Stored records
lemma ladder_rung_equiv:
  assumes g: "S_curve G S g" and h: "S_curve G S h"
    and i: "i' \<le> i" "i \<le> Suc i'" "i < length g" and j: "j' \<le> j" "j \<le> Suc j'" "j < length h"
    and near: "inv (g ! i) \<otimes> h ! j \<in> set_pow G S N" "inv (g ! i') \<otimes> h ! j' \<in> set_pow G S N"
  shows "(take i (word_of_curve G g) @ [(inv (g ! i) \<otimes> h ! j, False)],
    take i' (word_of_curve G g) @ [(inv (g ! i') \<otimes> h ! j', False), (inv (h ! j') \<otimes> h ! j, False)])
    \<in> T_equiv"
proof -
  define a where "a = inv (g ! i') \<otimes> g ! i"
  define b where "b = inv (h ! j') \<otimes> h ! j"
  define c where "c = inv (g ! i) \<otimes> h ! j"
  define c' where "c' = inv (g ! i') \<otimes> h ! j'"
  have "a \<in> S" "b \<in> S"
    unfolding a_def b_def using adjacent_quotient_in_S g h i j by auto
  have g_closed: "g ! k \<in> carrier G" if "k < length g" for k
    using g that unfolding S_curve_def by (auto dest: nth_mem)
  have h_closed: "h ! k \<in> carrier G" if "k < length h" for k
    using h that unfolding S_curve_def by (auto dest: nth_mem)
  have "g ! i \<in> carrier G" "g ! i' \<in> carrier G" "h ! j \<in> carrier G" "h ! j' \<in> carrier G"
    using i j by (auto intro: g_closed h_closed)
  then have "a \<otimes> c = c' \<otimes> b"
    unfolding a_def b_def c_def c'_def by (simp add: inv_mult_telescope)
  moreover have "c' \<otimes> b \<in> T"
    using near(2) \<open>b \<in> S\<close> unfolding c'_def by (rule set_pow_SucI)
  moreover have "a \<in> T" "b \<in> T" "c \<in> T" "c' \<in> T"
    using \<open>a \<in> S\<close> \<open>b \<in> S\<close> near S_subset_T set_pow_subset_T[of N] unfolding c_def c'_def by auto
  ultimately have rung: "([(a, False), (c, False)], [(c', False), (b, False)]) \<in> T_equiv"
    by (intro square_equiv[OF T_closed]) simp_all
  have prefix: "is_word T (take i' (word_of_curve G g))"
    using word_of_curve_is_word_T[OF g] by (rule is_word_take)
  have "(take i (word_of_curve G g) @ [(c, False)], take i' (word_of_curve G g) @ [(a, False), (c, False)])
      \<in> T_equiv"
    using pres_equiv_append[OF take_word_of_curve_equiv[OF g i] pres_equiv_refl[of "[(c, False)]"]]
      prefix \<open>a \<in> T\<close> \<open>c \<in> T\<close> by (simp add: a_def)
  moreover have "(take i' (word_of_curve G g) @ [(a, False), (c, False)],
      take i' (word_of_curve G g) @ [(c', False), (b, False)]) \<in> T_equiv"
    using pres_equiv_context[OF rung prefix, of "[]"] by simp
  ultimately show ?thesis
    unfolding b_def c_def c'_def by (rule pres_equiv_trans)
qed

lemma correspondence_prefix_equiv:
  assumes g: "S_curve G S g" "hd g = \<one>" and h: "S_curve G S h" "hd h = \<one>"
    and corr: "correspondence (length g) (length h) Rel"
    and near: "\<forall>(i, j)\<in>Rel. inv (g ! i) \<otimes> h ! j \<in> set_pow G S N"
    and "(i, j) \<in> Rel"
  shows "(take i (word_of_curve G g) @ [(inv (g ! i) \<otimes> h ! j, False)], take j (word_of_curve G h))
    \<in> T_equiv"
  using \<open>(i, j) \<in> Rel\<close>
proof (induction "i + j" arbitrary: i j rule: less_induct)
  case less
  have ij: "i < length g" "j < length h"
    using less.prems corr unfolding correspondence_def by auto
  show ?case
  proof (cases "i + j = 0")
    case True
    have "g \<noteq> []" "h \<noteq> []"
      using g h by (simp_all add: S_curve_def)
    then have "inv (g ! 0) \<otimes> h ! 0 = \<one>"
      using g h by (simp add: hd_conv_nth)
    with True show ?thesis
      using one_letter_equiv_Nil[OF T_closed one_in_T] by simp
  next
    case False
    then obtain i' j' where ij': "(i', j') \<in> Rel" "i' \<le> i" "i \<le> Suc i'" "j' \<le> j" "j \<le> Suc j'"
      "i' + j' < i + j"
      using correspondence_predecessor[OF corr less.prems] by blast
    let ?b = "inv (h ! j') \<otimes> h ! j"
    have "?b \<in> T"
      using adjacent_quotient_in_S[OF h(1) ij'(4,5) ij(2)] S_subset_T by auto
    have "(take i (word_of_curve G g) @ [(inv (g ! i) \<otimes> h ! j, False)],
        (take i' (word_of_curve G g) @ [(inv (g ! i') \<otimes> h ! j', False)]) @ [(?b, False)]) \<in> T_equiv"
      using ladder_rung_equiv[OF g(1) h(1) ij'(2,3) ij(1) ij'(4,5) ij(2)] near less.prems ij'(1) by auto
    moreover have "((take i' (word_of_curve G g) @ [(inv (g ! i') \<otimes> h ! j', False)]) @ [(?b, False)],
        take j' (word_of_curve G h) @ [(?b, False)]) \<in> T_equiv"
      using pres_equiv_append[OF less.hyps[OF ij'(6,1)] pres_equiv_refl] \<open>?b \<in> T\<close>
        is_word_take[OF word_of_curve_is_word_T[OF h(1)]] by simp
    moreover have "(take j' (word_of_curve G h) @ [(?b, False)], take j (word_of_curve G h)) \<in> T_equiv"
      using take_word_of_curve_equiv[OF h(1) ij'(4,5) ij(2)] by (rule pres_equiv_sym)
    ultimately show ?thesis
      by (meson pres_equiv_trans)
  qed
qed

lemma dU_witness_word_equiv:
  assumes g: "closed_S_curve_at G S \<one> g" and h: "closed_S_curve_at G S \<one> h"
    and "dU_witness G S g h N"
  shows "(word_of_curve G g, word_of_curve G h) \<in> T_equiv"
proof -
  obtain Rel where corr: "correspondence (length g) (length h) Rel"
    and near: "\<forall>(i, j)\<in>Rel. inv (g ! i) \<otimes> h ! j \<in> set_pow G S N"
    using assms(3) unfolding dU_witness_iff_correspondence by blast
  have "g \<noteq> []" "h \<noteq> []"
    using g h by (simp_all add: closed_S_curve_at_def S_curve_def)
  then have "(length g - 1, length h - 1) \<in> Rel" "inv (g ! (length g - 1)) \<otimes> h ! (length h - 1) = \<one>"
    using correspondence_last[OF corr] g h by (simp_all add: closed_S_curve_at_def last_conv_nth)
  then have "(word_of_curve G g @ [(\<one>, False)], word_of_curve G h) \<in> T_equiv"
    using correspondence_prefix_equiv[OF _ _ _ _ corr near] g h
    by (fastforce simp: closed_S_curve_at_def)
  moreover have "(word_of_curve G g @ [(\<one>, False)], word_of_curve G g) \<in> T_equiv"
    using pres_equiv_context[OF one_letter_equiv_Nil[OF T_closed one_in_T], of "word_of_curve G g" "[]"]
      word_of_curve_is_word_T g by (simp add: closed_S_curve_at_def)
  ultimately show ?thesis
    using pres_equiv_sym pres_equiv_trans by blast
qed

lemma null_homotopic_word_equiv_Nil:
  assumes "closed_S_curve_at G S \<one> \<gamma>" "null_homotopic G S (enat N) \<gamma>"
  shows "(word_of_curve G \<gamma>, []) \<in> T_equiv"
  using assms
proof (induction rule: null_homotopic_induct)
  case trivial
  then show ?case
    by (simp add: word_of_curve_def pres_equiv_refl)
next
  case (step \<gamma> \<gamma>')
  then have "(word_of_curve G \<gamma>, word_of_curve G \<gamma>') \<in> T_equiv"
    by (simp add: dU_le_enat_iff dU_witness_word_equiv)
  with step(4) show ?case
    by (rule pres_equiv_trans[rotated])
qed

lemma determining_set_T:
  assumes gen: "generate G S = carrier G"
    and contractible: "\<And>\<gamma>. closed_S_curve_at G S \<one> \<gamma> \<Longrightarrow> null_homotopic G S (enat N) \<gamma>"
  shows "determining_set G T"
proof -
  have gen_T: "generate G T = carrier G"
    using mono_generate[OF S_subset_T] generate_incl[OF T_closed] gen by blast
  have trivial: "(w, []) \<in> T_equiv" if w: "is_word T w" "word_eval G w = \<one>" for w
  proof -
    obtain u where u: "positive_word S u" "word_eval G u = \<one>" "(w, u) \<in> T_equiv"
      using word_equiv_positive_word[OF w(1)] w(2) by auto
    then have "closed_S_curve_at G S \<one> (curve_of_word G u)"
      by (simp add: closed_curve_of_word positive_word_def)
    then have "(word_of_curve G (curve_of_word G u), []) \<in> T_equiv"
      using contractible null_homotopic_word_equiv_Nil by blast
    moreover have "word_of_curve G (curve_of_word G u) = u"
      using u(1) positive_word_is_word_carrier by (simp add: word_of_curve_of_word positive_word_def)
    ultimately show ?thesis
      using u(3) pres_equiv_trans by metis
  qed
  have "has_presentation G T (triangle_relators G T)"
    unfolding has_presentation_def pres_trivial_iff
    using T_closed gen_T trivial by (auto simp: triangle_relators_def)
  moreover have "\<forall>r\<in>triangle_relators G T. length r = 3"
    by (simp add: triangle_relators_def)
  ultimately show ?thesis
    unfolding determining_set_def using T_closed one_in_T gen_T by blast
qed

end
definition place :: "nat list \<Rightarrow> nat \<Rightarrow> nat \<Rightarrow> (nat \<Rightarrow> nat option) \<Rightarrow> (nat \<Rightarrow> nat option)" where
  "place alpha j v F =
    (let S = {i. v \<le> i \<and> in_diagram alpha i j \<and> F i = None}
     in if S = {} then F else F(Min S := Some v))"

definition fill_column :: "nat list \<Rightarrow> nat list \<Rightarrow> nat \<Rightarrow> (nat \<Rightarrow> nat option)" where
  "fill_column alpha w j = fold (place alpha j) w (\<lambda>_. None)"

definition filling :: "nat list \<Rightarrow> nat list \<Rightarrow> nat \<Rightarrow> nat \<Rightarrow> nat option" where
  "filling alpha w i j = fill_column alpha w j i"

definition xvec :: "nat list \<Rightarrow> nat list \<Rightarrow> nat list" where
  "xvec alpha w = map (\<lambda>k. card {(i, j). in_diagram alpha i j \<and> filling alpha w i j = Some k})
                      [1..<length alpha + 1]"

definition swap_values :: "nat \<Rightarrow> nat list \<Rightarrow> nat list" where
  "swap_values r w = map (\<lambda>v. if v = r then r + 1 else if v = r + 1 then r else v) w"

definition swap_entries :: "nat list \<Rightarrow> nat \<Rightarrow> nat list" where
  "swap_entries v r = v[r - 1 := v ! r, r := v ! (r - 1)]"

end

theory Submission
  imports Defs "HOL-Combinatorics.Transposition"
begin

_Problem to solve_. Scan the data above and state how many of its lines contain the string "noteq", with no other content.

_Your solution_. 2